Ballot counting got underway after eight hours of voting for president and for both houses of parliament, held against the backdrop of a generational economic crisis.

The Andean nation's ailing economy has seen annual inflation hit almost 25 percent with critical shortages of fuel and dollars, the currency in which most Bolivians keep their savings.

Pre-election polls showed voters poised to swing right, 20 years after Evo Morales was elected the nation's first Indigenous president on a radical anti-capitalist platform.

"The left has done us a lot of harm. I want change for the country," said Miriam Escobar, a 60-year-old pensioner, who was the first to vote at a school in southern La Paz.

Center-right business tycoon Samuel Doria Medina and right-wing ex-president Jorge "Tuto" Quiroga are the favorites to succeed Morales's successor, Luis Arce, who is not seeking re-election.

Day that will mark history

The main left-wing candidate, Senate leader Andronico Rodriguez, who was disavowed by his former mentor Morales, failed to make his mark on the campaign.

A run-off will take place on October 19 if no candidate wins an outright majority.

The two frontrunners have vowed to shake up Bolivia's big-state economic model and international alliances if elected.

"This is a day that will mark the history of Bolivia," Quiroga said after voting in La Paz in a white shirt and black jacket.

Doria Medina, who also voted in La Paz, expressed confidence that the country of 11.3 million could "emerge from this economic crisis peacefully, democratically."

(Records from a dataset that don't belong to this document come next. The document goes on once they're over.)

lemma act_F:
  assumes a: "a \<in> Hf k" and w: "w \<in> F j"
  shows "act a w \<in> F (k + j)"
  using w unfolding F_eq_span
proof (induction rule: V.span_induct_alt)
  case base
  show ?case
    using act_linear(2)[of a 0 0] by (simp add: V.span_zero)
next
  case (step c x y)
  then obtain h u where x: "x = act h u" "h \<in> Hf j"
    by blast
  have "act a x = act (mult a h) u" "mult a h \<in> Hf (k + j)"
    using x Hf_mult[OF a] by (simp_all add: act_mult)
  then have "act a x \<in> V.span {act h v | h v. h \<in> Hf (k + j)}"
    by (intro V.span_base) blast
  then show ?case
    using step.IH by (simp add: act_linear V.span_add V.span_scale)
qed

lemma F_subspace: "V.subspace (F i)"
  unfolding F_eq_span by (rule V.subspace_span)

lemma F_antimono: "k \<le> l \<Longrightarrow> F l \<subseteq> F k"
  unfolding F_eq_span using Hf_antimono by (intro V.span_mono) blast

lemma F_eq_0: "Hf n = {0} \<Longrightarrow> F n = {0}"
proof -
  assume "Hf n = {0}"
  then have "{act h v | h v. h \<in> Hf n} \<subseteq> {0}"
    using act_linear(1)[of 0 0] by auto
  then have "F n \<subseteq> {0}"
    unfolding F_eq_span by (rule V.span_minimal) (simp add: V.subspace_def)
  then show "F n = {0}"
    using F_subspace V.subspace_0 by blast
qed

definition HF_tensors :: "nat \<Rightarrow> ('h \<times> 'v \<Rightarrow>\<^sub>0 'k) set" where
  "HF_tensors i = {ft a w | a w k. a \<in> Hf k \<and> w \<in> yd_filt sV act Hf (int i - int k)}"

lemma yd_rhs_inner_mem:
  assumes "j \<le> i" "a \<in> Hf j" "m \<le> i - j" "c \<in> Hf m" "d \<in> Hf (i - j - m)"
  shows "yd_rhs_inner v a (c, d) \<in> fspan (HF_tensors i)"
proof -
  have "ft (mult (mult a e) (S d)) (act c x) \<in> HF_tensors i" for e x
  proof -
    have "mult a e \<in> Hf j"
      using Hf_mult[OF assms(2), of e 0] Hf_0 by simp
    then have "mult (mult a e) (S d) \<in> Hf (j + (i - j - m))"
      by (rule Hf_mult[OF _ Hf_antipode[OF assms(5)]])
    moreover have "j + (i - j - m) = i - m" "int i - int (i - m) = int m"
      using assms(1,3) by arith+
    ultimately show ?thesis
      unfolding HF_tensors_def using act_mem_F[OF assms(4)] by force
  qed
  then show ?thesis
    unfolding yd_rhs_inner_def fspan_eq prod.case
    by (intro flift_in_subspace[OF fv.subspace_span]) (auto split: prod.split intro: fv.span_base)
qed

lemma delta_act_mem:
  assumes h: "h \<in> Hf i"
  shows "tmem2 sH sV (delta (act h u)) (HF_tensors i)"
proof -
  have "tmem2 sH sV (flift (yd_rhs u) fsc (Delta h)) (HF_tensors i)"
  proof (rule tmem2_flift[OF bilinear_yd_rhs Delta_Hf[OF h]])
    fix g :: "'h \<times> 'h \<Rightarrow>\<^sub>0 'k"
    assume "g \<in> {ft a b | a b j. j \<le> i \<and> a \<in> Hf j \<and> b \<in> Hf (i - j)}"
    then obtain a b j where g: "g = ft a b" "j \<le> i" "a \<in> Hf j" "b \<in> Hf (i - j)"
      by blast
    have "tmem2 sH sV (flift (yd_rhs_inner u a) fsc (Delta b)) (HF_tensors i)"
    proof (rule tmem2_flift[OF bilinear_yd_rhs_inner Delta_Hf[OF g(4)]])
      fix g' :: "'h \<times> 'h \<Rightarrow>\<^sub>0 'k"
      assume "g' \<in> {ft c d | c d m. m \<le> i - j \<and> c \<in> Hf m \<and> d \<in> Hf (i - j - m)}"
      then show "tmem2 sH sV (flift (yd_rhs_inner u a) fsc g') (HF_tensors i)"
        using yd_rhs_inner_mem[OF g(2,3)] by (auto intro: tmem2_of_fspan)
    qed
    then show "tmem2 sH sV (flift (yd_rhs u) fsc g) (HF_tensors i)"
      by (simp add: g yd_rhs_def)
  qed
  then show ?thesis
    by (rule tmem2_teq2[OF delta_act])
qed

lemma delta_mem: "v \<in> F i \<Longrightarrow> tmem2 sH sV (delta v) (HF_tensors i)"
  unfolding F_eq_span
  by (rule tmem2_span_image[OF V.vector_space_axioms delta_linear_mod])
    (auto intro: delta_act_mem)

lemma braiding_ft_mem:
  assumes v: "v \<in> F i" and w: "w \<in> F j"
  shows "tmem2 sV sV (yd_braiding act delta (ft v w))
           {ft v w | v w k l. i + j \<le> k + l \<and> v \<in> F k \<and> w \<in> F l}"
proof -
  have "bilinear_mod sH sV (tens_rel2 sV sV) (\<lambda>(a, y). ft (act a w) y)"
    unfolding bilinear_mod_def
    by (auto intro!: linear_mod_ft_left linear_mod_ft_right[where B = "\<lambda>y. y"] simp: act_linear)
  then have "tmem2 sV sV (flift (\<lambda>(a, y). ft (act a w) y) fsc (delta v))
           {ft v w | v w k l. i + j \<le> k + l \<and> v \<in> F k \<and> w \<in> F l}"
  proof (rule tmem2_flift[OF _ delta_mem[OF v]])
    fix g assume "g \<in> HF_tensors i"
    then obtain a y k where g: "g = ft a y" "a \<in> Hf k" "y \<in> F (i - k)"
      unfolding HF_tensors_def using yd_filt_diff_subset by blast
    have "ft (act a w) y \<in> {ft v w | v w k l. i + j \<le> k + l \<and> v \<in> F k \<and> w \<in> F l}"
    proof -
      have "i + j \<le> (k + j) + (i - k)"
        by simp
      then show ?thesis
        using act_F[OF g(2) w] g(3) by blast
    qed
    then have "ft (act a w) y \<in> fspan {ft v w | v w k l. i + j \<le> k + l \<and> v \<in> F k \<and> w \<in> F l}"
      unfolding fspan_eq by (rule fv.span_base)
    then show "tmem2 sV sV (flift (\<lambda>(a, y). ft (act a w) y) fsc g)
           {ft v w | v w k l. i + j \<le> k + l \<and> v \<in> F k \<and> w \<in> F l}"
      unfolding g flift_ft prod.case by (rule tmem2_of_fspan)
  qed
  then show ?thesis
    by (simp add: yd_braiding_def)
qed

lemma braiding_mem:
  assumes "x \<in> fspan {ft v w | v w. v \<in> F i \<and> w \<in> F j}"
  shows "tmem2 sV sV (yd_braiding act delta x)
           {ft v w | v w k l. i + j \<le> k + l \<and> v \<in> F k \<and> w \<in> F l}"
proof -
  have "yd_braiding act delta x \<in>
      {y. tmem2 sV sV y {ft v w | v w k l. i + j \<le> k + l \<and> v \<in> F k \<and> w \<in> F l}}"
    unfolding yd_braiding_def
    by (rule linear_image_span_subspace[OF flift_add flift_fsc tmem2_subspace _
          assms[unfolded fspan_eq]])
      (auto dest: braiding_ft_mem simp: yd_braiding_def)
  then show ?thesis
    by simp
qed

lemma braided_vs_filtration_F:
  assumes "Hf n = {0}"
  shows "braided_vs_filtration sV (yd_braiding act delta) F"
  unfolding braided_vs_filtration_def
proof (intro conjI allI impI ballI F_subspace F_0 F_antimono braiding_mem)
  show "(\<Inter>i. F i) = {0}"
    using F_eq_0[OF assms] F_subspace V.subspace_0 by blast
qed

end

theorem mainTheorem12:
  fixes sH :: "'k::field \<Rightarrow> 'h::ab_group_add \<Rightarrow> 'h"
    and mult :: "'h \<Rightarrow> 'h \<Rightarrow> 'h" and one :: 'h
    and Delta :: "'h \<Rightarrow> ('h \<times> 'h \<Rightarrow>\<^sub>0 'k)" and eps :: "'h \<Rightarrow> 'k" and S :: "'h \<Rightarrow> 'h"
    and Hf :: "nat \<Rightarrow> 'h set" and n :: nat
    and sV :: "'k \<Rightarrow> 'v::ab_group_add \<Rightarrow> 'v" and act :: "'h \<Rightarrow> 'v \<Rightarrow> 'v"
    and delta :: "'v \<Rightarrow> ('h \<times> 'v \<Rightarrow>\<^sub>0 'k)"
  assumes H: "hopf_algebra sH mult one Delta eps S"
    and S_bij: "bij S"
    and filt: "hopf_filtration sH mult Delta eps S Hf"
    and Hn: "\<forall>i\<ge>n. Hf i = {0}"
    and YD: "yd_module sH mult one Delta eps S sV act delta"
  shows "(\<forall>i::nat. \<forall>v \<in> yd_filt sV act Hf (int i).
            tmem2 sH sV (delta v)
              {ft a w | a w k. a \<in> Hf k \<and> w \<in> yd_filt sV act Hf (int i - int k)})
       \<and> braided_vs_filtration sV (yd_braiding act delta) (\<lambda>i. yd_filt sV act Hf (int i))"
proof -
  interpret filtered_yd_module sH mult one Delta eps S Hf sV act delta
    using H filt YD by unfold_locales
  show ?thesis
    using delta_mem braided_vs_filtration_F Hn unfolding HF_tensors_def by blast
qed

Both men want to slash public spending, open the country to foreign investment and boost ties with the United States, which were downgraded under the combative Morales, a self-described anti-capitalist who resigned from office in 2019 following mass protests over alleged election rigging.

Agustin Quispe, a 51-year-old miner, branded the pair "dinosaurs" and said he would back center-right candidate Rodrigo Paz, who has campaigned on fighting corruption.

Shock therapy

Emanuel Arratia, a 31-year-old graphic designer, said he believed Bolivia needed the kind of shock therapy administered by President Javier Milei to turn around his country's inflation-wracked economy.

"What people are looking for now, beyond a shift from left to right, is a return to stability," Daniela Osorio Michel, a Bolivian political scientist at the German Institute for Global and Area Studies, told AFP.

Doria Medina and Quiroga, both on their fourth run for president, have touted their experience in business and politics as qualifying them for the tall task of saving Bolivia from bankruptcy.

Doria Medina, a millionaire, built Bolivia's biggest skyscraper and owns the local Burger King fast food franchise.

Quiroga served as vice-president under ex-dictator Hugo Banzer and then briefly as president when Banzer stepped down to fight cancer in 2001.

Morales looms large

Morales, who was barred from standing for a fourth term, has cast a long shadow over the campaign.

The 65-year-old has called on his rural Indigenous supporters to spoil their ballots in protest at his exclusion.

Voting in his central Cochambamba stronghold, he slammed "an election without the people," of whom he claims to be the sole representative.

Several Indigenous voters told AFP they would spoil their ballots because they did not feel represented by any of the candidates.

Bolivia enjoyed more than a decade of strong growth and Indigenous upliftment under Morales, who nationalized the gas sector and ploughed the proceeds into social programs that halved extreme poverty.

But underinvestment in exploration has caused gas revenues to implode, falling from a peak of $6.1 billion in 2013 to $1.6 billion last year.

With the country's other major resource, lithium, still underground, the government has nearly run out of the foreign exchange needed to import fuel, wheat and other key commodities.